------ INPUT
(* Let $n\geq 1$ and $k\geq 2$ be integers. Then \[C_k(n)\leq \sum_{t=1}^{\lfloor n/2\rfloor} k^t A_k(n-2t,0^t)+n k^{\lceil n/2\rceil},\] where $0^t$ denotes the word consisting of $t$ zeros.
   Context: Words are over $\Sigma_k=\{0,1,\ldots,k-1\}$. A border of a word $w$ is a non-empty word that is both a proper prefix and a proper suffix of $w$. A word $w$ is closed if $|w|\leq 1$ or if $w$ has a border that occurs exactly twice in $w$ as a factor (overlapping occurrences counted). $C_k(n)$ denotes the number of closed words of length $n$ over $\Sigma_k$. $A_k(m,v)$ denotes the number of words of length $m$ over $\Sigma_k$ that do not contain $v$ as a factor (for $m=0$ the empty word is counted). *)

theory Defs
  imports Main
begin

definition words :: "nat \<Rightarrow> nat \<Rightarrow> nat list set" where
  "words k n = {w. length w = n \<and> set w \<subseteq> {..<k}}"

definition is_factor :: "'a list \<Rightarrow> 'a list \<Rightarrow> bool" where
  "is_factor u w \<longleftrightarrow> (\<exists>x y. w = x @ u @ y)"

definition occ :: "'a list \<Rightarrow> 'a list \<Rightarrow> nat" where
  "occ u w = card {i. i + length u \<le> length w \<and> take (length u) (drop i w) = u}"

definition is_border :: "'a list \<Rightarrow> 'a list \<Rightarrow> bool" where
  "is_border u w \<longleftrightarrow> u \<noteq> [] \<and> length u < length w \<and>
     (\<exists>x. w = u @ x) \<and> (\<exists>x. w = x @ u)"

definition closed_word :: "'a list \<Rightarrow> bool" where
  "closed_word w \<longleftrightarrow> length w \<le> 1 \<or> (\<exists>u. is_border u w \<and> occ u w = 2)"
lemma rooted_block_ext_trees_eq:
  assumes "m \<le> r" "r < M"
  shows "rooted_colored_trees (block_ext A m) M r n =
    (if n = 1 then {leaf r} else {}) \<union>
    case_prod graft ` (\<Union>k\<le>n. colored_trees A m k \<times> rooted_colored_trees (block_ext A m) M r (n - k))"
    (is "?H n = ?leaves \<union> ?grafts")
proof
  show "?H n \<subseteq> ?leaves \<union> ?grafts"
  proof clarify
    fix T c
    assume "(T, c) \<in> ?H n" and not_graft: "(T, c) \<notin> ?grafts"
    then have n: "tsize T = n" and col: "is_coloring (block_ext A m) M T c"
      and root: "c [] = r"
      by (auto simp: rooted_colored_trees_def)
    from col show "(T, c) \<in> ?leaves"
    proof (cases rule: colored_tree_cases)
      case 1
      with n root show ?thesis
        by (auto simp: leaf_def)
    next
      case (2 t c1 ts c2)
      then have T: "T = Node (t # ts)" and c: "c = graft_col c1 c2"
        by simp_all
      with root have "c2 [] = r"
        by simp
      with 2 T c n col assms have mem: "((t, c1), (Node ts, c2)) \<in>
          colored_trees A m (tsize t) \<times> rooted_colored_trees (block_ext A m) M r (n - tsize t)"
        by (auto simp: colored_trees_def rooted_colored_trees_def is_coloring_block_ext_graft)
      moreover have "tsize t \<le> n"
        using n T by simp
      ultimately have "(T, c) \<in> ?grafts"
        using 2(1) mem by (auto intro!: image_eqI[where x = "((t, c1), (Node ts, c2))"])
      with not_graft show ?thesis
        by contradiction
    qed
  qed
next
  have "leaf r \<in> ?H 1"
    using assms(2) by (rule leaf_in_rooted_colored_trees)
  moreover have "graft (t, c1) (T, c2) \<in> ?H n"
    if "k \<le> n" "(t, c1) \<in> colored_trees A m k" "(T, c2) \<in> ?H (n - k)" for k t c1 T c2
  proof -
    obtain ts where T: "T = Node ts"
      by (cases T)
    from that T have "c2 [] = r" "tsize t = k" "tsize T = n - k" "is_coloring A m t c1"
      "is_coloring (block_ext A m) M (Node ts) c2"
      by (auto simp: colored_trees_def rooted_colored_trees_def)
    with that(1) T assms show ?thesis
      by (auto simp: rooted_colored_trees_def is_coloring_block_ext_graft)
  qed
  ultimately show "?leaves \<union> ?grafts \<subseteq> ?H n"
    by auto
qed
------------
------ INPUT
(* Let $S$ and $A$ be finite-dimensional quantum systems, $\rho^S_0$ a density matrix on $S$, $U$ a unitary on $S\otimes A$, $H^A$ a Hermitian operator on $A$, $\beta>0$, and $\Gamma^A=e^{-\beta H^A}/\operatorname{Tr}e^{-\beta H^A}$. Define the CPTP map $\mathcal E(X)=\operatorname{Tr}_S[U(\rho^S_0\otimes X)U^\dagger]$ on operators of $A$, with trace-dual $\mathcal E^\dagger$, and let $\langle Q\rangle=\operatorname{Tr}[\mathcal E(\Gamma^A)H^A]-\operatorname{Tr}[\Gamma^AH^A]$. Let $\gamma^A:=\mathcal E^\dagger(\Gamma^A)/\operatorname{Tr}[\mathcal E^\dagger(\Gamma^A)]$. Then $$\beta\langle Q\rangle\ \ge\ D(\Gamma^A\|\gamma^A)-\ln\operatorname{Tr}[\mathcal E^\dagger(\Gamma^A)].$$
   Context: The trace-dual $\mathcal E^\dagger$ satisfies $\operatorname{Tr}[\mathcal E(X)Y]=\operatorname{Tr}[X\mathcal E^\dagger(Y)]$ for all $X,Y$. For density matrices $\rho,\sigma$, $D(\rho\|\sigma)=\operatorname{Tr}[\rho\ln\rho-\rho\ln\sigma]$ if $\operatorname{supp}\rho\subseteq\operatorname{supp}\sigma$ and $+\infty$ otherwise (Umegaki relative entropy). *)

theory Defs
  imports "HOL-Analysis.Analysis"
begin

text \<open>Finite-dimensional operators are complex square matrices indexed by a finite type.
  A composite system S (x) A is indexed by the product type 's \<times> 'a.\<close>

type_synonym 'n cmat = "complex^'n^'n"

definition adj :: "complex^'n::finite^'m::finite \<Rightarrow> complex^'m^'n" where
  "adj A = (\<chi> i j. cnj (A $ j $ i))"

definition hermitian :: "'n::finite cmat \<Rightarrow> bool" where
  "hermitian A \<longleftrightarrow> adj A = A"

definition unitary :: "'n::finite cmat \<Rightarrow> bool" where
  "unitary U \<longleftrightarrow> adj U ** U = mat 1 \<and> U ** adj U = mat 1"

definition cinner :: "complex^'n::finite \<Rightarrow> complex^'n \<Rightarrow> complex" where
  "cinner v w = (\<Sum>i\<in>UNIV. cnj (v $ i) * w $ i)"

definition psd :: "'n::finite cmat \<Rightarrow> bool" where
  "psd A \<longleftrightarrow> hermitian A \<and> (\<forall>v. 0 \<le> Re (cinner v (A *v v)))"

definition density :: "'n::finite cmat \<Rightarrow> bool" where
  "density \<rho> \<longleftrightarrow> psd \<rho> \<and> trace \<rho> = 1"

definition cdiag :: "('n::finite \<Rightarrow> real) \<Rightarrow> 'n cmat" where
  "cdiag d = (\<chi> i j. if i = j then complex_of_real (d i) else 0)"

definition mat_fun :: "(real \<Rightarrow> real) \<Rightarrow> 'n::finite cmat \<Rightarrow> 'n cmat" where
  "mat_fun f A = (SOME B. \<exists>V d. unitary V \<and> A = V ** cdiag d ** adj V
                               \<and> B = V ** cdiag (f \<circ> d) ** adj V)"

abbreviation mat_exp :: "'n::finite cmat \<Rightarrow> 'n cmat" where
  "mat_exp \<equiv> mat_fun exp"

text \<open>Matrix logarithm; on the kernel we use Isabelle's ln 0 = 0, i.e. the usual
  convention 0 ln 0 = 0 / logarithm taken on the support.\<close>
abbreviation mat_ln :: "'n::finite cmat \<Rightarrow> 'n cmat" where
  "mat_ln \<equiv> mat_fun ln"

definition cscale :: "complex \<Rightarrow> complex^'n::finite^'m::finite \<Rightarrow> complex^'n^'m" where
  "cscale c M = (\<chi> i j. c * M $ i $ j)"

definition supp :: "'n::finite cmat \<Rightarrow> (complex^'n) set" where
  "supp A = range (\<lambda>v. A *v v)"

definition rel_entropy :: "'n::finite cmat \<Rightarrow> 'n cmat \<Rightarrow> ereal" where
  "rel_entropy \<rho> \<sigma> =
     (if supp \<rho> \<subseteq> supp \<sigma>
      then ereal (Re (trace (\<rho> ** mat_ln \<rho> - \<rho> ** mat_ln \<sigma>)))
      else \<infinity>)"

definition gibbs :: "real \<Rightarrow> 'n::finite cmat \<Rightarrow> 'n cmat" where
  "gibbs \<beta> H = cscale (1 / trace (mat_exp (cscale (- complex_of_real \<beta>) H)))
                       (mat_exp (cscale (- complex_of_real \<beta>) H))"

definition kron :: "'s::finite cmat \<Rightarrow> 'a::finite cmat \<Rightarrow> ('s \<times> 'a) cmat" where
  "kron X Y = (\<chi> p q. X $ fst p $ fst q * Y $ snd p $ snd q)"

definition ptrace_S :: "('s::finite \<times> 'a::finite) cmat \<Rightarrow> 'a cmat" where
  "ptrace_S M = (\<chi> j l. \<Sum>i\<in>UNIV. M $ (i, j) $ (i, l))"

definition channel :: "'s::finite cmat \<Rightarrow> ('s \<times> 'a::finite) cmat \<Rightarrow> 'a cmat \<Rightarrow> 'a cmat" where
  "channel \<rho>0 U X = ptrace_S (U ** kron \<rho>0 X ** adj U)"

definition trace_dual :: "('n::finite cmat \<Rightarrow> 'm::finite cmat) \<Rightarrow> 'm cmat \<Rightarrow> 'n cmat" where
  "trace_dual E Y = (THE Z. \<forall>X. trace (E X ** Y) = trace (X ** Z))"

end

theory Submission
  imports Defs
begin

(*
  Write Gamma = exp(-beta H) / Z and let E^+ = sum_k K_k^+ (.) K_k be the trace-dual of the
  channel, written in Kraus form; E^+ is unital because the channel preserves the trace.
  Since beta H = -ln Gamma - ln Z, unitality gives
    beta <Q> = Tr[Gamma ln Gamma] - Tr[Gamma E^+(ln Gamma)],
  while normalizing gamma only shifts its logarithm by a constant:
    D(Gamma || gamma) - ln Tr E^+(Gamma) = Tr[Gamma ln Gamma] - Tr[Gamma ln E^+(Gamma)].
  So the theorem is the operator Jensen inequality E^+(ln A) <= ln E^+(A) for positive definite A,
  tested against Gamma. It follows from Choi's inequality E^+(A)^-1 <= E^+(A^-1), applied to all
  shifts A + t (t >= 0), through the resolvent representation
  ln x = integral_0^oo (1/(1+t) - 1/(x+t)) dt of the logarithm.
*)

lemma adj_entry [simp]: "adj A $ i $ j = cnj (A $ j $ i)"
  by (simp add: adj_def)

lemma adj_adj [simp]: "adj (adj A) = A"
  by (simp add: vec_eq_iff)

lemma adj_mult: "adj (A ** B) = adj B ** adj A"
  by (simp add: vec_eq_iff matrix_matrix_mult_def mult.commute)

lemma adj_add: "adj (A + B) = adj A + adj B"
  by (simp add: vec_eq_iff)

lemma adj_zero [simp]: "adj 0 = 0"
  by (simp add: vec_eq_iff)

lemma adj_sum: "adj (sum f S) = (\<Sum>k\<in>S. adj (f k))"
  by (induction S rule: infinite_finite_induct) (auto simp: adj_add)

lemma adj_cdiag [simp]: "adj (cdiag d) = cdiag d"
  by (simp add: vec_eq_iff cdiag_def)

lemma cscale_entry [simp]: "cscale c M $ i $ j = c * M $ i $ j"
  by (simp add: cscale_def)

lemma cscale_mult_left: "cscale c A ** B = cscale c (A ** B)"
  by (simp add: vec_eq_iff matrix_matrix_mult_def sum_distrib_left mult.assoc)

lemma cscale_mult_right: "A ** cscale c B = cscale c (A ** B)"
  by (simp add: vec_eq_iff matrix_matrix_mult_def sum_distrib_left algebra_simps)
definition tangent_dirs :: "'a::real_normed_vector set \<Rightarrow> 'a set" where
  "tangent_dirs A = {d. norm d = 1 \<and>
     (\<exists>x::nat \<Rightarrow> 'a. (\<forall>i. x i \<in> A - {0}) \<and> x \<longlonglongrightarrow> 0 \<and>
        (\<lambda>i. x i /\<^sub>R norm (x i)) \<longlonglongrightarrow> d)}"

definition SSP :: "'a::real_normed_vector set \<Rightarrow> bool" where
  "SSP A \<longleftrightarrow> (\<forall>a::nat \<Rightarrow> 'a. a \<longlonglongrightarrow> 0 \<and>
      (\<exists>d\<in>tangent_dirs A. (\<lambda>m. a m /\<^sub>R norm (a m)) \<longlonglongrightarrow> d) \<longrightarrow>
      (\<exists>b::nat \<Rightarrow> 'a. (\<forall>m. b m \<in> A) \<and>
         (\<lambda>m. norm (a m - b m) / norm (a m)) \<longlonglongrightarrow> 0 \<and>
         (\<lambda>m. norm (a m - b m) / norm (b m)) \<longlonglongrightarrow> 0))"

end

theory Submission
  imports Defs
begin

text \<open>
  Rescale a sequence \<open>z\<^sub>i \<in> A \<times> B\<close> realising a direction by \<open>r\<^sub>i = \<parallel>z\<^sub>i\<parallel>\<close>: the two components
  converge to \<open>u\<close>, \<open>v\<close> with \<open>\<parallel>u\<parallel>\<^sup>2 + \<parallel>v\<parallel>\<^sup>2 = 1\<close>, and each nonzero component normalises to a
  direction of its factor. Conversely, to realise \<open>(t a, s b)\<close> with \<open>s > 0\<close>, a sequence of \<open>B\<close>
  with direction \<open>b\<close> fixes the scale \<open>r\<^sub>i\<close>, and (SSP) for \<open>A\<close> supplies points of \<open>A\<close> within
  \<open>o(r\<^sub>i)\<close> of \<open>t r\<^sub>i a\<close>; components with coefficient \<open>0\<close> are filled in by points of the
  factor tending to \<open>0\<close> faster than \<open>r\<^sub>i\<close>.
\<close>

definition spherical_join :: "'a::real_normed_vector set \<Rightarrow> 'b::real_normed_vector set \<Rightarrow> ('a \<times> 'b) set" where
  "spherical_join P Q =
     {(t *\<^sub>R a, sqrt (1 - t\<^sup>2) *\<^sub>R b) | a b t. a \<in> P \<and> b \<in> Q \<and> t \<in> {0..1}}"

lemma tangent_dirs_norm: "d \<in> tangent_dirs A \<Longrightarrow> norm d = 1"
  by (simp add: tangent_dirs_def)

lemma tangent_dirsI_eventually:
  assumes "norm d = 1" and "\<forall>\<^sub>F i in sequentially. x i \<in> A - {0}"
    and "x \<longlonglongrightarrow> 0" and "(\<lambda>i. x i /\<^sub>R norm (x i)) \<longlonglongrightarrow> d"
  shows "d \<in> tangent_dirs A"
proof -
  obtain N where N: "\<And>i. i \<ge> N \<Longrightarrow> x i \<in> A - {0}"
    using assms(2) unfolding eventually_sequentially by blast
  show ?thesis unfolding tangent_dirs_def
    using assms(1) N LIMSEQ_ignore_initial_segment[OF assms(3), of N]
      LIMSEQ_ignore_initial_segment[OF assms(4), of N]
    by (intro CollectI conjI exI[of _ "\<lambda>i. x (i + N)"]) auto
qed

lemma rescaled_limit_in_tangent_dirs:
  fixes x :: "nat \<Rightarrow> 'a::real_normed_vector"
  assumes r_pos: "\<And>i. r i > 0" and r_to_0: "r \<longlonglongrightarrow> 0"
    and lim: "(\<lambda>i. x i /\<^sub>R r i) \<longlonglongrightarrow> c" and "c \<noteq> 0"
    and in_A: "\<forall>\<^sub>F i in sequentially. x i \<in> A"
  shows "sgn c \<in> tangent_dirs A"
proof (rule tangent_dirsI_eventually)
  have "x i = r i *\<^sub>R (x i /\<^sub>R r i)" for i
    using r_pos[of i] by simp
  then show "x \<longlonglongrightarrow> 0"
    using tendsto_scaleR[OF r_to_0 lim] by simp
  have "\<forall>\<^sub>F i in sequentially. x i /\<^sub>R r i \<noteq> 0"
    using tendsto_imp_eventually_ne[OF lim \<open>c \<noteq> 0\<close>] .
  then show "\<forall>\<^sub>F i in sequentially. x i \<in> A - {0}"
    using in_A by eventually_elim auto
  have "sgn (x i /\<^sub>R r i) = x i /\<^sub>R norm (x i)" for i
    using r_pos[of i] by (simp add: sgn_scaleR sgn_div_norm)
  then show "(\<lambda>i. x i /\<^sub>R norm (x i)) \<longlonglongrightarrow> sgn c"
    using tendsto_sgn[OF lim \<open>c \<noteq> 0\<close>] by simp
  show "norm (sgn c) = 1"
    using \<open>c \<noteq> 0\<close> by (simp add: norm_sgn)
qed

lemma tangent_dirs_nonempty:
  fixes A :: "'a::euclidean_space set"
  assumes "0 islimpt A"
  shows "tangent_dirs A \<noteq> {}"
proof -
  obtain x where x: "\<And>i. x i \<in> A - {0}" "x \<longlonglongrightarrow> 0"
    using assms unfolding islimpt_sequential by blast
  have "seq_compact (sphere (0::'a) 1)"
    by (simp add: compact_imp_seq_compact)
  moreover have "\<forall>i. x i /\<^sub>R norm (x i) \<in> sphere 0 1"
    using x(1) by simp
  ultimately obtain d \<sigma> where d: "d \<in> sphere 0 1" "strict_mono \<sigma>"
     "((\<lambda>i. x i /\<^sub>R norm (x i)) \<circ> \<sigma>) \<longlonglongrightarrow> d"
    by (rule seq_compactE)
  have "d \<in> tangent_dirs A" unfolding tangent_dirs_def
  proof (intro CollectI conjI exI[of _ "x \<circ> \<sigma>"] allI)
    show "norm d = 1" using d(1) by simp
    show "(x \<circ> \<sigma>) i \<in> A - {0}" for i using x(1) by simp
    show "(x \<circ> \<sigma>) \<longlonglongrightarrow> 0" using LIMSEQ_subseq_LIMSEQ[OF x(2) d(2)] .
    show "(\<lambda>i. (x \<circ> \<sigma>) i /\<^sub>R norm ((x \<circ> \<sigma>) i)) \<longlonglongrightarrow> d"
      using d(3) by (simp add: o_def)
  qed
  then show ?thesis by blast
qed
------------
ACTION ITEM:
In the listing above, find the line with "colored_trees A m (tsize" and the line with "by (auto simp: colored_trees_def rooted_colored_trees_def)"; set down exactly those two lines and every line between them, nothing more.

WRITTEN SOLUTION:
          colored_trees A m (tsize t) \<times> rooted_colored_trees (block_ext A m) M r (n - tsize t)"
        by (auto simp: colored_trees_def rooted_colored_trees_def is_coloring_block_ext_graft)
      moreover have "tsize t \<le> n"
        using n T by simp
      ultimately have "(T, c) \<in> ?grafts"
        using 2(1) mem by (auto intro!: image_eqI[where x = "((t, c1), (Node ts, c2))"])
      with not_graft show ?thesis
        by contradiction
    qed
  qed
next
  have "leaf r \<in> ?H 1"
    using assms(2) by (rule leaf_in_rooted_colored_trees)
  moreover have "graft (t, c1) (T, c2) \<in> ?H n"
    if "k \<le> n" "(t, c1) \<in> colored_trees A m k" "(T, c2) \<in> ?H (n - k)" for k t c1 T c2
  proof -
    obtain ts where T: "T = Node ts"
      by (cases T)
    from that T have "c2 [] = r" "tsize t = k" "tsize T = n - k" "is_coloring A m t c1"
      "is_coloring (block_ext A m) M (Node ts) c2"
      by (auto simp: colored_trees_def rooted_colored_trees_def)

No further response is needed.